--- START ---
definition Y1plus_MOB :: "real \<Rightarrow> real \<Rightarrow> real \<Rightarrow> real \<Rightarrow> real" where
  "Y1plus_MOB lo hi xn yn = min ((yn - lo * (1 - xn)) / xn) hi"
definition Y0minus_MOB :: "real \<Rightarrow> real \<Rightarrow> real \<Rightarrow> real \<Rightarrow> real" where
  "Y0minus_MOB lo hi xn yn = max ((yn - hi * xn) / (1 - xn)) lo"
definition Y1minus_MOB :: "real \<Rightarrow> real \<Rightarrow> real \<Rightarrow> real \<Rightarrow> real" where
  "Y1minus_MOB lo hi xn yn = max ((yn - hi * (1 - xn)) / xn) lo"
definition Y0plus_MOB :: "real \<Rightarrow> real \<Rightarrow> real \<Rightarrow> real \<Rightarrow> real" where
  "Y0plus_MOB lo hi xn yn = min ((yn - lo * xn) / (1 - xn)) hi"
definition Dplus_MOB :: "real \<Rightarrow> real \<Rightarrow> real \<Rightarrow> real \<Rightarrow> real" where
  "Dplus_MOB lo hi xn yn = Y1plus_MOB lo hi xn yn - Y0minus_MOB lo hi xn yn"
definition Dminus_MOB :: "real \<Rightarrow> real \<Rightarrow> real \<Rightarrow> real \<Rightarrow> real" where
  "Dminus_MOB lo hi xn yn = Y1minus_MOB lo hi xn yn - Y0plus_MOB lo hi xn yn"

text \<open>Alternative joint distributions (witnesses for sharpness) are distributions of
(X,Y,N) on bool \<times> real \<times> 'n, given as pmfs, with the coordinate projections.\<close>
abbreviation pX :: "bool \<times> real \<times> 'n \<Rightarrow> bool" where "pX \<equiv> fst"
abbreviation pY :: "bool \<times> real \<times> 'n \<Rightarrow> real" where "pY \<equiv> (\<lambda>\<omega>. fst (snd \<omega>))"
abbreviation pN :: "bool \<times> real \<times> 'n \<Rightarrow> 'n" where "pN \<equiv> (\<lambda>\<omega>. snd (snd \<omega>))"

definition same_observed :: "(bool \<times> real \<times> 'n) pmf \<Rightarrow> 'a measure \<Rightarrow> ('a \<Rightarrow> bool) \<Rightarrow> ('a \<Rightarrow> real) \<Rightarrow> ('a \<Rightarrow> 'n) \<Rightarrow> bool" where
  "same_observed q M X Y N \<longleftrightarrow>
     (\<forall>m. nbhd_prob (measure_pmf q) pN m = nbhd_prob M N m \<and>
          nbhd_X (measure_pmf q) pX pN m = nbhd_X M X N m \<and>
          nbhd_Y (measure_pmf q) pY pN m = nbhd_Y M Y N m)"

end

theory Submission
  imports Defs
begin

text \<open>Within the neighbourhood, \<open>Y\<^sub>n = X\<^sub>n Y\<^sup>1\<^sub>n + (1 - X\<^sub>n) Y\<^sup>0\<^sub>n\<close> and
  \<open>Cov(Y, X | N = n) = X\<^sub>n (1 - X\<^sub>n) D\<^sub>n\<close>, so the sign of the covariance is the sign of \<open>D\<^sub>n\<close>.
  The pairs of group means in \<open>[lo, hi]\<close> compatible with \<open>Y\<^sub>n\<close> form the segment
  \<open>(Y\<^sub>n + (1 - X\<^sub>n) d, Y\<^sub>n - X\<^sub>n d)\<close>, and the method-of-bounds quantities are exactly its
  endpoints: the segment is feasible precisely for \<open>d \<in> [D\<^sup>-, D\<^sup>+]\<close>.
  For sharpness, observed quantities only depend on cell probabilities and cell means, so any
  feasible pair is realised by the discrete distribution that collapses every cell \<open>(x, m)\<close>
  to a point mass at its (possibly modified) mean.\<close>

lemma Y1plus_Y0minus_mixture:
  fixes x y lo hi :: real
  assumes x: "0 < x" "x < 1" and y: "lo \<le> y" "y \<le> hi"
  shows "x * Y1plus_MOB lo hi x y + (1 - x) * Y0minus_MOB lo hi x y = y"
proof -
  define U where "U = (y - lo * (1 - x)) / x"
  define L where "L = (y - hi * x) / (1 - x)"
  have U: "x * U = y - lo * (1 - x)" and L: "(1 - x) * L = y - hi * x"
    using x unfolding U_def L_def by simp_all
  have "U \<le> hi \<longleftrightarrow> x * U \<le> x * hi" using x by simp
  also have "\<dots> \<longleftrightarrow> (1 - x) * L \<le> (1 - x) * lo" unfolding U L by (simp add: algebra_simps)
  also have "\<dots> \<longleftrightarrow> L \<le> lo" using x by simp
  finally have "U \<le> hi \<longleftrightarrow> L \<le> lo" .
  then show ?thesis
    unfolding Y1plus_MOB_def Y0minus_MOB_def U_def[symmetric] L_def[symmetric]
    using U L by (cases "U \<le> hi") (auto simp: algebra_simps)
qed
--- END ---
### WHAT YOU ARE ASKED TO DO
Scan the listing above. Gather each line that contains the word "sharpness".

### RESULT OF THIS TASK
text \<open>Alternative joint distributions (witnesses for sharpness) are distributions of
  For sharpness, observed quantities only depend on cell probabilities and cell means, so any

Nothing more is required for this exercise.